By in Press Enterprise on December 2, 2017

By Jonathan Lansner

Forget the high rents, just finding an empty Southern California rental is a challenge.

But will significant construction efforts give apartment shoppers many more options?

A recent report by the Marcus & Millichap brokerage suggests only modest help is coming as a decent local job market creates new renters at a pace nearly equal to the number of new apartments builders are bringing online.

Vacancy stats for the third quarter reveal a slight increase in available units in major complexes across Southern California. But empty units remain a rarity as even the national vacancy rate — 4.5 percent — runs below the historic 5 percent norm.

Here’s how rental availability breaks down by Southern California’s major markets, according to Marcus & Millichap:

Los Angeles County

Vacancy bounced up from last year’s post-recession low, rising 1 full percentage point to 3.6 percent.

Why? Construction outpaced landlords ability to fill rentals.

In the past year, 9,800 new units came to the market — most in Downtown L.A. — up from a previous 8,000-a-year pace.

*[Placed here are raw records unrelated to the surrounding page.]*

(* There is an absolute constant $C>0$ such that for every odd $n\ge3$ and every $\epsilon\in(0,1)$, the mixing time of the Hadamard-coined quantum walk on the $n$-cycle satisfies \[M_\epsilon\le C\,\frac{n(1+\log n)}{\epsilon^3}.\]
   Context: Hadamard-coined quantum walk on the $n$-cycle: $\mathcal H=\mathbb C^2\otimes\mathbb C^n$ with basis $|a,i\rangle$, $a\in\{R,L\}$, $i\in\mathbb Z_n$; $U=S\cdot(H\otimes I)$ with $H=\frac1{\sqrt2}\begin{pmatrix}1&1\\1&-1\end{pmatrix}$, $S|R,i\rangle=|R,i+1\bmod n\rangle$, $S|L,i\rangle=|L,i-1\bmod n\rangle$. $P_t(\cdot|a,i)$ is the distribution on $\mathbb Z_n$ of the vertex of $U^t|a,i\rangle$, $\bar P_T=\frac1T\sum_{t=0}^{T-1}P_t$, $\pi(\cdot|a,i)=\lim_T\bar P_T(\cdot|a,i)$ (which is uniform). Total variation $\|d_1-d_2\|=\sum_j|d_1(j)-d_2(j)|$. Mixing time $M_\epsilon=\min\{T\ge1:\forall t\ge T,\forall$ basis states $|a,i\rangle:\ \|\pi(\cdot|a,i)-\bar P_t(\cdot|a,i)\|\le\epsilon\}$. *)

theory Defs
  imports "HOL-Analysis.Analysis"
begin

text \<open>Hadamard walk on the n-cycle. A state is a function
  bool => nat => complex, where True encodes coin state R and False encodes L,
  and vertices are 0..n-1 (indices outside are irrelevant).\<close>

type_synonym qstate = "bool \<Rightarrow> nat \<Rightarrow> complex"

text \<open>U = S (H \<otimes> I).  H|R> = (|R>+|L>)/sqrt 2, H|L> = (|R>-|L>)/sqrt 2;
  S|R,i> = |R,i+1 mod n>, S|L,i> = |L,i-1 mod n>.\<close>

definition walk_step :: "nat \<Rightarrow> qstate \<Rightarrow> qstate" where
  "walk_step n psi = (\<lambda>a j.
     if a then (psi True ((j + n - 1) mod n) + psi False ((j + n - 1) mod n)) / complex_of_real (sqrt 2)
     else (psi True ((j + 1) mod n) - psi False ((j + 1) mod n)) / complex_of_real (sqrt 2))"

definition basis_state :: "bool \<Rightarrow> nat \<Rightarrow> qstate" where
  "basis_state a i = (\<lambda>b j. if b = a \<and> j = i then 1 else 0)"

definition walk_state :: "nat \<Rightarrow> bool \<Rightarrow> nat \<Rightarrow> nat \<Rightarrow> qstate" where
  "walk_state n a i t = (walk_step n ^^ t) (basis_state a i)"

The report gives little hope to apartment hunters, noting in L.A. “job gains have fueled household formations during a time of out-of-reach home prices for many. This combination of factors keeps vacancy below 4 percent in most submarkets.”

Orange County

Landlords could not lease up all the newly built units, so the vacancy rate rose from last year’s post-recession low.

Still, that 0.8 percentage-point increase pushed Orange County vacancies all the way up to 3.5 percent, the tightest in the region.

Developers added 6,175 units in a year and are working on 9,300 more but the report notes Orange County’s “household formations and a sizable millennial populace, will prevent an uncontrolled rise in vacancy.”

Inland Empire

It’s been eight years, but there’s actually more choice this year! Oh, that’s 3.6 percent empty units vs. 2.7 percent vs. a year ago.